Process-level reward modeling (PRM) for mathematical reasoning suffers from high annotation costs and low-efficiency data construction. To address this, we propose an uncertainty-driven framework for automated process reward data generation. Our method leverages model-output uncertainty to guide active sampling and enables lightweight human annotation. Key contributions include: (1) an uncertainty-aware active sampling strategy coupled with efficient annotation protocols; and (2) two novel multi-model output aggregation mechanisms—Hybrid Majority Reward Vote and Weighted Reward Frequency Vote—that jointly harness the robustness of majority voting and the discriminative power of PRMs. Evaluated on ProcessBench, MATH, and GSMPlus benchmarks, our approach improves PRM training efficiency—reducing annotation cost by ~40%—and boosts inference accuracy by +3.2% on average, while demonstrating strong cross-task generalization.

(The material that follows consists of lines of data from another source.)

(* For every $n\ge 2$, $$f(n,n-1)=\sum_{j=0}^{n-1}\binom{n-j}{j}(-1)^j\,(n-1-j)!,$$ i.e. the number of upper-diagonal CNMs of size $n$ whose second diagonal $m_{1,n-1},m_{2,n-2},\dots,m_{n-1,1}$ consists entirely of zeros is given by this sum.
   Context: A complete non-ambiguous matrix (CNM) of size $n$ is an $n\times n$ matrix $M=(m_{i,j})$ with entries in $\{0,1\}$ whose support $T=\{(i,j): m_{i,j}=1\}$ (whose elements are called vertices) satisfies: (1) $(1,1)\in T$; (2) for every $p=(i,j)\in T$ with $p\neq(1,1)$, exactly one of the following holds: there is $(i',j)\in T$ with $i'<i$, or there is $(i,j')\in T$ with $j'<j$; (3) every row and every column of $M$ contains at least one vertex; (4) define the parent of $p=(i,j)\neq(1,1)$ to be $(i',j)$ with $i'<i$ maximal if such a vertex exists, and otherwise $(i,j')$ with $j'<j$ maximal; then every vertex is the parent of either zero or exactly two vertices. A vertex with no children is a leaf. A CNM of size $n$ is upper-diagonal if its leaves are exactly the positions $(i,n+1-i)$, $1\le i\le n$. $f(n,n-1)$ is the number of upper-diagonal CNMs of size $n$ with $m_{i,n-i}=0$ for all $1\le i\le n-1$. Binomial coefficients $\binom{a}{b}$ with $b>a\ge 0$ are $0$. *)

theory Defs
  imports Main
begin

text \<open>A matrix of size n with 0/1 entries is identified with its support
  T \<subseteq> {1..n} \<times> {1..n} (positions (i,j), 1-based, of entries equal to 1).\<close>

definition cnm_parent :: "(nat \<times> nat) set \<Rightarrow> nat \<times> nat \<Rightarrow> nat \<times> nat" where
  "cnm_parent T p = (let (i, j) = p in
     if (\<exists>i'<i. (i', j) \<in> T) then (Max {i'. i' < i \<and> (i', j) \<in> T}, j)
     else (i, Max {j'. j' < j \<and> (i, j') \<in> T}))"

definition cnm_children :: "(nat \<times> nat) set \<Rightarrow> nat \<times> nat \<Rightarrow> (nat \<times> nat) set" where
  "cnm_children T p = {q \<in> T. q \<noteq> (1, 1) \<and> cnm_parent T q = p}"

definition is_CNM :: "nat \<Rightarrow> (nat \<times> nat) set \<Rightarrow> bool" where
  "is_CNM n T \<longleftrightarrow>
     T \<subseteq> {1..n} \<times> {1..n} \<and>
     (1, 1) \<in> T \<and>
     (\<forall>(i, j) \<in> T. (i, j) \<noteq> (1, 1) \<longrightarrow>
        ((\<exists>i'<i. (i', j) \<in> T) \<noteq> (\<exists>j'<j. (i, j') \<in> T))) \<and>
     (\<forall>i \<in> {1..n}. \<exists>j. (i, j) \<in> T) \<and>
     (\<forall>j \<in> {1..n}. \<exists>i. (i, j) \<in> T) \<and>
     (\<forall>p \<in> T. card (cnm_children T p) = 0 \<or> card (cnm_children T p) = 2)"

definition cnm_leaves :: "(nat \<times> nat) set \<Rightarrow> (nat \<times> nat) set" where
  "cnm_leaves T = {p \<in> T. cnm_children T p = {}}"

definition upper_diagonal_CNM :: "nat \<Rightarrow> (nat \<times> nat) set \<Rightarrow> bool" where
  "upper_diagonal_CNM n T \<longleftrightarrow> is_CNM n T \<and>
     cnm_leaves T = {(i, n + 1 - i) | i. 1 \<le> i \<and> i \<le> n}"

definition f_second_diag :: "nat \<Rightarrow> nat" where
  "f_second_diag n = card {T. upper_diagonal_CNM n T \<and>
     (\<forall>i. 1 \<le> i \<and> i \<le> n - 1 \<longrightarrow> (i, n - i) \<notin> T)}"

end

theory Submission
  imports Defs
begin

text \<open>An upper-diagonal CNM of size n lies in the staircase i + j \<le> n + 1, its leaves fill the
  antidiagonal, and it is characterised by the rule that every vertex other than (1,1) has a vertex
  above it or to its left, but not both. Relax the rule by giving every column outside a set U a
  virtual vertex in row 0. Peeling off the first row shows that there are prod (u - 1) over u in U
  such matrices; for U = {2..n} this counts the (n-1)! upper-diagonal CNMs.

  Let h(n,t) count those with zeros at (i, n-i) for all i < t. If (t, n-t) is a vertex, then
  (t+1, n-t) and (t, n+1-t) are leaves, alone in their row and column respectively; deleting that
  row and column is a bijection onto the matrices of size n-1 with zeros at (i, n-1-i) for i < t-1.
  Hence h(n,t) = h(n,t+1) + h(n-1,t-1) with h(n,0) = h(n,1) = (n-1)!, and by Pascal's rule the
  alternating binomial sum satisfies the same recurrence.\<close>

section \<open>Staircase matrices with virtual roots\<close>

definition has_above :: "(nat \<times> nat) set \<Rightarrow> nat \<Rightarrow> nat \<Rightarrow> bool" where
  "has_above T i j \<longleftrightarrow> (\<exists>i'<i. (i', j) \<in> T)"

definition has_left :: "(nat \<times> nat) set \<Rightarrow> nat \<Rightarrow> nat \<Rightarrow> bool" where
  "has_left T i j \<longleftrightarrow> (\<exists>j'<j. (i, j') \<in> T)"

definition staircase :: "nat \<Rightarrow> (nat \<times> nat) set" where
  "staircase s = {(i, j). 1 \<le> i \<and> 1 \<le> j \<and> i + j \<le> Suc s}"

definition antidiagonal_filled :: "nat \<Rightarrow> (nat \<times> nat) set \<Rightarrow> bool" where
  "antidiagonal_filled s T \<longleftrightarrow> (\<forall>i. 1 \<le> i \<and> i \<le> s \<longrightarrow> (i, Suc s - i) \<in> T)"

definition unique_parent :: "nat set \<Rightarrow> (nat \<times> nat) set \<Rightarrow> bool" where
  "unique_parent U T \<longleftrightarrow> (\<forall>i j. (i, j) \<in> T \<longrightarrow> (has_above T i j \<or> j \<notin> U) \<noteq> has_left T i j)"

text \<open>A column outside U behaves as if it had a virtual vertex in row 0.
  For U = {2..n} these are the upper-diagonal CNMs of size n: the virtual
  vertex of column 1 turns (1,1) into the root.\<close>
definition stair_CNM :: "nat \<Rightarrow> nat set \<Rightarrow> (nat \<times> nat) set \<Rightarrow> bool" where
  "stair_CNM s U T \<longleftrightarrow> T \<subseteq> staircase s \<and> antidiagonal_filled s T \<and> unique_parent U T"

lemma finite_staircase: "finite (staircase s)"
  by (rule finite_subset[of _ "{0..Suc s} \<times> {0..Suc s}"]) (auto simp: staircase_def)

lemma finite_stair_CNMs: "finite {T. stair_CNM s U T}"
  by (rule finite_subset[of _ "Pow (staircase s)"]) (auto simp: stair_CNM_def finite_staircase)

lemma stair_CNM_staircase:
  "stair_CNM s U T \<Longrightarrow> (i, j) \<in> T \<Longrightarrow> 1 \<le> i \<and> 1 \<le> j \<and> i + j \<le> Suc s"
  by (auto simp: stair_CNM_def staircase_def)

lemma stair_CNM_antidiagonal:
  "stair_CNM s U T \<Longrightarrow> 1 \<le> i \<Longrightarrow> i \<le> s \<Longrightarrow> (i, Suc s - i) \<in> T"
  by (auto simp: stair_CNM_def antidiagonal_filled_def)

lemma stair_CNM_unique_parent:
  "stair_CNM s U T \<Longrightarrow> (i, j) \<in> T \<Longrightarrow> (has_above T i j \<or> j \<notin> U) \<noteq> has_left T i j"
  by (auto simp: stair_CNM_def unique_parent_def)

lemma stair_CNM_0: "{T. stair_CNM 0 U T} = {{}}"
  by (auto simp: stair_CNM_def staircase_def antidiagonal_filled_def unique_parent_def)

lemma all_interval_Suc_shift:
  "(\<forall>i. 1 \<le> i \<and> i \<le> Suc s \<longrightarrow> P i) \<longleftrightarrow> P 1 \<and> (\<forall>i. 1 \<le> i \<and> i \<le> s \<longrightarrow> P (Suc i))"
proof
  assume "\<forall>i. 1 \<le> i \<and> i \<le> Suc s \<longrightarrow> P i"
  then show "P 1 \<and> (\<forall>i. 1 \<le> i \<and> i \<le> s \<longrightarrow> P (Suc i))"
    by auto
next
  assume P: "P 1 \<and> (\<forall>i. 1 \<le> i \<and> i \<le> s \<longrightarrow> P (Suc i))"
  show "\<forall>i. 1 \<le> i \<and> i \<le> Suc s \<longrightarrow> P i"
  proof (intro allI impI)
    fix i
    assume "1 \<le> i \<and> i \<le> Suc s"
    then consider "i = 1" | "i = Suc (i - 1)" "1 \<le> i - 1" "i - 1 \<le> s"
      by linarith
    then show "P i"
      using P by cases metis+
  qed
qed

lemma antidiagonal_filled_Suc:
  "antidiagonal_filled (Suc s) T \<longleftrightarrow>
    (1, Suc s) \<in> T \<and> (\<forall>i. 1 \<le> i \<and> i \<le> s \<longrightarrow> (Suc i, Suc s - i) \<in> T)"
  unfolding antidiagonal_filled_def all_interval_Suc_shift by simp

section \<open>Counting by the first row\<close>

definition first_row :: "(nat \<times> nat) set \<Rightarrow> nat set" where
  "first_row T = {j. (1, j) \<in> T}"

definition drop_first_row :: "(nat \<times> nat) set \<Rightarrow> (nat \<times> nat) set" where
  "drop_first_row T = {(i, j). 1 \<le> i \<and> (Suc i, j) \<in> T}"

definition add_first_row :: "nat set \<Rightarrow> (nat \<times> nat) set \<Rightarrow> (nat \<times> nat) set" where
  "add_first_row R T = {(1, j) | j. j \<in> R} \<union> {(Suc i, j) | i j. (i, j) \<in> T}"

definition rows_positive :: "(nat \<times> nat) set \<Rightarrow> bool" where
  "rows_positive T \<longleftrightarrow> (\<forall>i j. (i, j) \<in> T \<longrightarrow> 1 \<le> i)"

lemma stair_CNM_rows_positive: "stair_CNM s U T \<Longrightarrow> rows_positive T"
  by (auto simp: rows_positive_def dest: stair_CNM_staircase)

lemma rows_positive_drop_first_row: "rows_positive (drop_first_row T)"
  by (simp add: rows_positive_def drop_first_row_def)

lemma first_row_add_first_row: "rows_positive T \<Longrightarrow> first_row (add_first_row R T) = R"
  by (auto simp: first_row_def add_first_row_def rows_positive_def)

lemma drop_first_row_add_first_row:
  "rows_positive T \<Longrightarrow> drop_first_row (add_first_row R T) = T"
  by (fastforce simp: drop_first_row_def add_first_row_def rows_positive_def)

lemma add_first_row_first_row:
  assumes "rows_positive T"
  shows "add_first_row (first_row T) (drop_first_row T) = T"
proof -
  have "(i, j) \<in> T \<Longrightarrow> i = 1 \<or> (\<exists>k. i = Suc k \<and> 1 \<le> k)" for i j
    using assms by (cases i) (auto simp: rows_positive_def)
  then show ?thesis
    by (fastforce simp: first_row_def drop_first_row_def add_first_row_def)
qed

Large language models have demonstrated remarkable capabilities in complex mathematical reasoning tasks, but they inevitably generate errors throughout multi-step solutions. Process-level Reward Models (PRMs) have shown great promise by providing supervision and evaluation at each intermediate step, thereby effectively improving the models' reasoning abilities. However, training effective PRMs requires high-quality process reward data, yet existing methods for constructing such data are often labour-intensive or inefficient. In this paper, we propose an uncertainty-driven framework for automated process reward data construction, encompassing both data generation and annotation processes for PRMs. Additionally, we identify the limitations of both majority vote and PRMs, and introduce two generic uncertainty-aware output aggregation methods: Hybrid Majority Reward Vote and Weighted Reward Frequency Vote, which combine the strengths of majority vote with PRMs. Extensive experiments on ProcessBench, MATH, and GSMPlus show the effectiveness and efficiency of the proposed PRM data construction framework, and demonstrate that the two output aggregation methods further improve the mathematical reasoning abilities across diverse PRMs. The code and data will be publicly available at https://github.com/Jiuzhouh/UnPRM.